БАКУ: Мы с вами разговаривали шесть лет назад. Что важного и интересного произошло в вашей жизни за эти годы?
ГАМИД АБДУЛОВ: Многое. Я поступил в Международную академию музыки Елены Образцовой, проучился там три года и параллельно выступал: дебютировал в «Иоланте» в роли Роберта, в «Богеме», в Италии спел «Любовный напиток». И через три года попал в международный образовательный проект Аткинс – это программа при Мариинском театре, созданная Вероникой Аткинс в содружестве с Валерием Гергиевым. Там я продолжил обучение, и уже через год состоялась крупная премьера, важный для меня дебют в Мариинском театре – я спел Пеллеаса в опере «Пеллеас и Мелизанда» Клода Дебюсси в постановке Анны Матисон. И мы повезли эту оперу на гастроли: во Владикавказе показывали, в Москве в «Зарядье», потом я снова спел ее в Мариинском театре. Я постепенно нарабатывал баритоновый репертуар: Мизгирь в опере «Снегурочка», Валентин в «Фаусте» – неплохой багаж получился.
А чуть больше года назад я перешел из баритонов в тенора. Это было, конечно, рискованное решение, но оно оправдалось благодаря советам педагога и поддержке близких людей. Уже в мае прошлого года я спел Беппо в «Паяцах», потом была партия Раймонда в «Орлеанской деве» Чайковского, а потом «Макбет» Верди, где главную партию исполняла Анна Нетребко, а я был преданным воином Макдуфом. Сейчас готовлю крупные теноровые партии – например, Альфреда в «Травиате». В общем, привыкаю к новому амплуа.
БАКУ: Как вообще певцы меняют голос, разве человек может на это повлиять?
Г.А.: Это вопрос техники и упражнений, но, разумеется, голос должен обладать рядом качеств, чтобы его можно было поменять. Я довольно резко решил превратиться из баритона в тенора, и, надо сказать, трансформация потребовала много времени. До сих пор идет процесс привыкания – к тесситуре, к выработке выносливости.
БАКУ: Обычно тенора в опере – это герои, которые любят, а баритоны – те, кто им мешает любить.
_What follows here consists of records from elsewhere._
lemma sym_channel_bsc_mix:
  assumes "prob_vec n p" "\<And>l. l < n \<Longrightarrow> 0 \<le> e l \<and> e l \<le> 1"
  shows "sym_channel (bsc_mix n p e)"
  unfolding sym_channel_def
proof (intro exI conjI allI)
  let ?\<pi> = "\<lambda>y::nat. if even y then y + 1 else y - 1"
  show inv: "?\<pi> (?\<pi> y) = y" for y by presburger
  show "bij ?\<pi>" by (rule involuntory_imp_bij) (rule inv)
  fix y
  have "?\<pi> y div 2 = y div 2" by presburger
  moreover have "odd (?\<pi> y) = even y" by auto
  ultimately show "pmf (bsc_mix n p e False) y = pmf (bsc_mix n p e True) (?\<pi> y)"
    by (simp only: pmf_bsc_mix[OF assms]) simp
qed

lemma in_B_bsc_mix:
  "prob_vec n p \<Longrightarrow> (\<And>l. l < n \<Longrightarrow> 0 \<le> e l \<and> e l \<le> 1) \<Longrightarrow> in_B n (bsc_mix n p e)"
  unfolding in_B_def ch_equiv_def by blast

lemma bsc_mix_cong:
  assumes p: "prob_vec n p"
    and "\<And>j. j < n \<Longrightarrow> p j = p' j" and "\<And>j. j < n \<Longrightarrow> p j \<noteq> 0 \<Longrightarrow> e j = e' j"
  shows "bsc_mix n p e = bsc_mix n p' e'"
proof
  fix x
  have "(\<lambda>i. if i < n then p i else 0) = (\<lambda>i. if i < n then p' i else 0)" using assms(2) by auto
  then have weights: "weights_pmf n p = weights_pmf n p'" by (simp add: weights_pmf_def)
  show "bsc_mix n p e x = bsc_mix n p' e' x"
    unfolding bsc_mix_def weights[symmetric]
  proof (rule bind_pmf_cong[OF refl])
    fix i assume i: "i \<in> set_pmf (weights_pmf n p)"
    then have "i < n" by (rule set_pmf_weights_pmf[OF p])
    moreover have "p i \<noteq> 0" using i pmf_weights_pmf[OF p, of i] \<open>i < n\<close> by (simp add: set_pmf_eq)
    ultimately show "map_pmf (\<lambda>f. 2 * i + of_bool (f \<noteq> x)) (bernoulli_pmf (e i)) =
        map_pmf (\<lambda>f. 2 * i + of_bool (f \<noteq> x)) (bernoulli_pmf (e' i))"
      using assms(3) by simp
  qed
qed

lemma degraded_trans: "degraded A B \<Longrightarrow> degraded B C \<Longrightarrow> degraded A C"
  unfolding degraded_def
proof (elim exE)
  fix T1 T2 assume "\<forall>a. A a = bind_pmf (B a) T1" "\<forall>a. B a = bind_pmf (C a) T2"
  then show "\<exists>T. \<forall>a. A a = bind_pmf (C a) T"
    by (intro exI[of _ "\<lambda>y. bind_pmf (T2 y) T1"]) (simp add: bind_assoc_pmf)
qed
Вам захотелось превратиться из злодея в героя-любовника?
Г.А.: Ну, злодеем у меня никогда не получалось быть. Я даже баритоном пел в общем-то героев-любовников. Роберт в «Иоланте», например: «Кто может сравниться с Матильдой моей?» Мизгирь в «Снегурочке» – тоже любовник, но более агрессивный. Валентин в «Фаусте» не то чтобы любовник, но в нем много любви к Господу, правильной жизни, своему народу. Кстати, уйдя в тенора, мне пришлось проститься с некоторыми ролями, которые я очень хотел спеть, будучи баритоном: Фигаро из «Севильского цирюльника» и Родриго в «Доне Карлосе», например. Но теноровый репертуар более органичен для меня, больше подходит по общему образу. Герой-любовник, человек всегда пылкий, мне как-то ближе.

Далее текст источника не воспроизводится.